/customer-churn-prediction-azure-ml

This repository contains an end-to-end ML lifecycle demo using the Azure Maching Learning Studio.

Primary LanguageJupyter Notebook

Customer Churn Prediction with Azure Machine Learning:
From Kaggle Dataset to Productionalized Model

This repository contains an end-to-end ML lifecycle demo using the Azure Maching Learning Studio.

Different features of the Azure Machine Learning Studio will be shown while working to solve a Kaggle challenge to predict customer churn. The Kaggle challenge can be found here: https://www.kaggle.com/blastchar/telco-customer-churn.
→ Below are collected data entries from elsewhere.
lemma mat_trace_mult_commute:
  assumes "A \<in> carrier_mat n m" and "B \<in> carrier_mat m n"
  shows "mat_trace (A * B) = mat_trace (B * A)"
proof -
  have "mat_trace (A * B) = (\<Sum>i<n. \<Sum>j<m. A $$ (i,j) * B $$ (j,i))"
    using assms by (auto simp: mat_trace_def scalar_prod_def lessThan_atLeast0 intro!: sum.cong)
  also have "\<dots> = (\<Sum>j<m. \<Sum>i<n. B $$ (j,i) * A $$ (i,j))"
    by (subst sum.swap) (simp add: mult.commute)
  also have "\<dots> = mat_trace (B * A)"
    using assms by (auto simp: mat_trace_def scalar_prod_def lessThan_atLeast0 intro!: sum.cong)
  finally show ?thesis .
qed

lemma mat_trace_similar_mat_wit:
  assumes "similar_mat_wit A B P Q"
  shows "mat_trace A = mat_trace B"
proof -
  note wit = similar_mat_witD[OF refl assms]
  let ?n = "dim_row A"
  have carr: "B \<in> carrier_mat ?n ?n" "P \<in> carrier_mat ?n ?n" "Q \<in> carrier_mat ?n ?n"
    and QP: "Q * P = 1\<^sub>m ?n" and A: "A = P * B * Q"
    using wit(5-7,2,3) .
  have QPB: "Q * (P * B) = B"
  proof -
    have "Q * (P * B) = (Q * P) * B" by (rule assoc_mult_mat[OF carr(3,2,1), symmetric])
    also have "\<dots> = B" unfolding QP using carr(1) by (rule left_mult_one_mat)
    finally show ?thesis .
  qed
  have "mat_trace A = mat_trace (Q * (P * B))"
    unfolding A by (rule mat_trace_mult_commute[OF mult_carrier_mat[OF carr(2,1)] carr(3)])
  then show ?thesis unfolding QPB .
qed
Prerequisites to rebuild the demo:

  • Azure subscription (with credits)
  • Some foundational Azure and Data Science knowledge

Demo Instructions

Step 1:

Create a resource group.

create-resource-group

Step 2:

Create an Azure Machine Learning workspace.

create-azure-ml-workspace

Step 3:

Enter your Azure Machine Learning workspace by clicking "Launch Now".

launch-workspace

Step 4:

Create a compute instance in your Azure Maching Learning workspace.

create-compute-instance

Step 5:

Open Jupyter Notebooks in your compute instance.

open-jupyter

Step 6:

Enter the terminal, switch directories to your user directory and clone this repository.

enter-terminal

clone-git-repo

Step 7:

Download the two data files from the "data" folder to your local machine.

download-data

Step 8:

Create an Azure Data Lake Gen2. You do this by creating a storage account that has hierarchical namespace enabled.

create-data-lake-gen2-1

Enable hierarchical namespace:

create-data-lake-gen2-2

Create a container called "raw" in your Azure Data Lake Gen2.

create-container

Create two directories:

  • 2020/03/31
  • 2020/04/01

create-directory

Step 9:

Upload the two data files in the respective directories in your Azure Data Lake Gen2 (according to the date).

upload-data

Step 10:

Register your Azure Data Lake Gen2 as a storage account (not as an Azure Data Lake Gen2) datastore in the Azure Machine Learning Workspace.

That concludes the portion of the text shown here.